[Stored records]
== Segment start ==

(* Let $u\in\mathbb{N}^m$ and put $M:=\{x\in\mathbb{R}^m:0\leq x\leq u\}$ (entrywise order). Any finite $C\subseteq M$ with $\min\{\|x-y\|_\infty:x,y\in C,x\neq y\}>1$ satisfies $|C|\leq\prod_{i=1}^m u_i$. *)

theory Defs
  imports "HOL-Analysis.Analysis"
begin

definition linf_dist :: "real ^ 'm \<Rightarrow> real ^ 'm \<Rightarrow> real" where
  "linf_dist x y = Max (range (\<lambda>i. \<bar>x $ i - y $ i\<bar>))"

definition box_M :: "('m \<Rightarrow> nat) \<Rightarrow> (real ^ 'm) set" where
  "box_M u = {x. \<forall>i. 0 \<le> x $ i \<and> x $ i \<le> real (u i)}"

end

theory Submission
  imports Defs
begin

text \<open>Cut the box into the \<open>\<Prod>i. u i\<close> closed unit cubes with integer corners. Two points of
  the same cube are at sup-distance at most 1, so the separated set \<open>C\<close> meets every cube in at
  most one point, and sending a point to (the index of) a cube containing it is injective on \<open>C\<close>.\<close>

lemma linf_dist_le_iff: "linf_dist x y \<le> r \<longleftrightarrow> (\<forall>i. \<bar>x $ i - y $ i\<bar> \<le> r)"
  unfolding linf_dist_def by (subst Max_le_iff) auto

text \<open>The truncation makes the right endpoint \<open>n\<close> lie in the last cell \<open>[n - 1, n]\<close>.\<close>
definition cell_index :: "nat \<Rightarrow> real \<Rightarrow> nat" where
  "cell_index n a = min (nat \<lfloor>a\<rfloor>) (n - 1)"

lemma cell_index_less: "n \<ge> 1 \<Longrightarrow> cell_index n a < n"
  unfolding cell_index_def by linarith

lemma cell_index_bounds:
  assumes "0 \<le> a" "a \<le> real n" "n \<ge> 1"
  shows "real (cell_index n a) \<le> a" "a \<le> real (cell_index n a) + 1"
proof -
  have "real (nat \<lfloor>a\<rfloor>) \<le> a" "a < real (nat \<lfloor>a\<rfloor>) + 1"
    using assms(1) by linarith+
  moreover have "real (n - 1) \<le> a" if "n - 1 < nat \<lfloor>a\<rfloor>"
    using that assms(1) by linarith
  ultimately show "real (cell_index n a) \<le> a" "a \<le> real (cell_index n a) + 1"
    using assms unfolding cell_index_def min_def by (auto simp: of_nat_diff)
qed

lemma same_cell_index_imp_dist_le_1:
  assumes "0 \<le> a" "a \<le> real n" "0 \<le> b" "b \<le> real n" "n \<ge> 1"
    and "cell_index n a = cell_index n b"
  shows "\<bar>a - b\<bar> \<le> 1"
  using cell_index_bounds[of a n] cell_index_bounds[of b n] assms by (simp add: abs_le_iff)

theorem lemma4p4:
  fixes u :: "'m::finite \<Rightarrow> nat" and C :: "(real ^ 'm) set"
  assumes upos: "\<forall>i. u i \<ge> 1"
    and "finite C" and "C \<subseteq> box_M u"
    and sep: "\<forall>x\<in>C. \<forall>y\<in>C. x \<noteq> y \<longrightarrow> linf_dist x y > 1"
  shows "card C \<le> (\<Prod>i\<in>UNIV. u i)"
proof -
  define cell where "cell x = (\<lambda>i. cell_index (u i) (x $ i))" for x :: "real ^ 'm"
  have "inj_on cell C"
  proof (rule inj_onI, rule ccontr)
    fix x y assume "x \<in> C" "y \<in> C" "cell x = cell y" "x \<noteq> y"
    then have "\<bar>x $ i - y $ i\<bar> \<le> 1" for i
      using \<open>C \<subseteq> box_M u\<close> upos same_cell_index_imp_dist_le_1[of "x $ i" "u i" "y $ i"]
      by (auto simp: box_M_def cell_def dest!: fun_cong[of _ _ i])
    with \<open>x \<in> C\<close> \<open>y \<in> C\<close> \<open>x \<noteq> y\<close> sep show False
      by (meson linf_dist_le_iff not_le)
  qed
  moreover have "cell ` C \<subseteq> Pi\<^sub>E UNIV (\<lambda>i. {..<u i})"
    using upos cell_index_less by (auto simp: cell_def)
  ultimately have "card C \<le> card (Pi\<^sub>E UNIV (\<lambda>i. {..<u i}))"
    by (simp add: card_image[symmetric] card_mono finite_PiE)
  then show ?thesis
    by (simp add: card_PiE)
qed

end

== Segment end ==

# BRIEF
Write out the records again, exactly as given.

# OUTPUT
(* Let $u\in\mathbb{N}^m$ and put $M:=\{x\in\mathbb{R}^m:0\leq x\leq u\}$ (entrywise order). Any finite $C\subseteq M$ with $\min\{\|x-y\|_\infty:x,y\in C,x\neq y\}>1$ satisfies $|C|\leq\prod_{i=1}^m u_i$. *)

theory Defs
  imports "HOL-Analysis.Analysis"
begin

definition linf_dist :: "real ^ 'm \<Rightarrow> real ^ 'm \<Rightarrow> real" where
  "linf_dist x y = Max (range (\<lambda>i. \<bar>x $ i - y $ i\<bar>))"

definition box_M :: "('m \<Rightarrow> nat) \<Rightarrow> (real ^ 'm) set" where
  "box_M u = {x. \<forall>i. 0 \<le> x $ i \<and> x $ i \<le> real (u i)}"

end

theory Submission
  imports Defs
begin

text \<open>Cut the box into the \<open>\<Prod>i. u i\<close> closed unit cubes with integer corners. Two points of
  the same cube are at sup-distance at most 1, so the separated set \<open>C\<close> meets every cube in at
  most one point, and sending a point to (the index of) a cube containing it is injective on \<open>C\<close>.\<close>

lemma linf_dist_le_iff: "linf_dist x y \<le> r \<longleftrightarrow> (\<forall>i. \<bar>x $ i - y $ i\<bar> \<le> r)"
  unfolding linf_dist_def by (subst Max_le_iff) auto

text \<open>The truncation makes the right endpoint \<open>n\<close> lie in the last cell \<open>[n - 1, n]\<close>.\<close>
definition cell_index :: "nat \<Rightarrow> real \<Rightarrow> nat" where
  "cell_index n a = min (nat \<lfloor>a\<rfloor>) (n - 1)"

lemma cell_index_less: "n \<ge> 1 \<Longrightarrow> cell_index n a < n"
  unfolding cell_index_def by linarith

lemma cell_index_bounds:
  assumes "0 \<le> a" "a \<le> real n" "n \<ge> 1"
  shows "real (cell_index n a) \<le> a" "a \<le> real (cell_index n a) + 1"
proof -
  have "real (nat \<lfloor>a\<rfloor>) \<le> a" "a < real (nat \<lfloor>a\<rfloor>) + 1"
    using assms(1) by linarith+
  moreover have "real (n - 1) \<le> a" if "n - 1 < nat \<lfloor>a\<rfloor>"
    using that assms(1) by linarith
  ultimately show "real (cell_index n a) \<le> a" "a \<le> real (cell_index n a) + 1"
    using assms unfolding cell_index_def min_def by (auto simp: of_nat_diff)
qed

lemma same_cell_index_imp_dist_le_1:
  assumes "0 \<le> a" "a \<le> real n" "0 \<le> b" "b \<le> real n" "n \<ge> 1"
    and "cell_index n a = cell_index n b"
  shows "\<bar>a - b\<bar> \<le> 1"
  using cell_index_bounds[of a n] cell_index_bounds[of b n] assms by (simp add: abs_le_iff)

theorem lemma4p4:
  fixes u :: "'m::finite \<Rightarrow> nat" and C :: "(real ^ 'm) set"
  assumes upos: "\<forall>i. u i \<ge> 1"
    and "finite C" and "C \<subseteq> box_M u"
    and sep: "\<forall>x\<in>C. \<forall>y\<in>C. x \<noteq> y \<longrightarrow> linf_dist x y > 1"
  shows "card C \<le> (\<Prod>i\<in>UNIV. u i)"
proof -
  define cell where "cell x = (\<lambda>i. cell_index (u i) (x $ i))" for x :: "real ^ 'm"
  have "inj_on cell C"
  proof (rule inj_onI, rule ccontr)
    fix x y assume "x \<in> C" "y \<in> C" "cell x = cell y" "x \<noteq> y"
    then have "\<bar>x $ i - y $ i\<bar> \<le> 1" for i
      using \<open>C \<subseteq> box_M u\<close> upos same_cell_index_imp_dist_le_1[of "x $ i" "u i" "y $ i"]
      by (auto simp: box_M_def cell_def dest!: fun_cong[of _ _ i])
    with \<open>x \<in> C\<close> \<open>y \<in> C\<close> \<open>x \<noteq> y\<close> sep show False
      by (meson linf_dist_le_iff not_le)
  qed
  moreover have "cell ` C \<subseteq> Pi\<^sub>E UNIV (\<lambda>i. {..<u i})"
    using upos cell_index_less by (auto simp: cell_def)
  ultimately have "card C \<le> card (Pi\<^sub>E UNIV (\<lambda>i. {..<u i}))"
    by (simp add: card_image[symmetric] card_mono finite_PiE)
  then show ?thesis
    by (simp add: card_PiE)
qed

end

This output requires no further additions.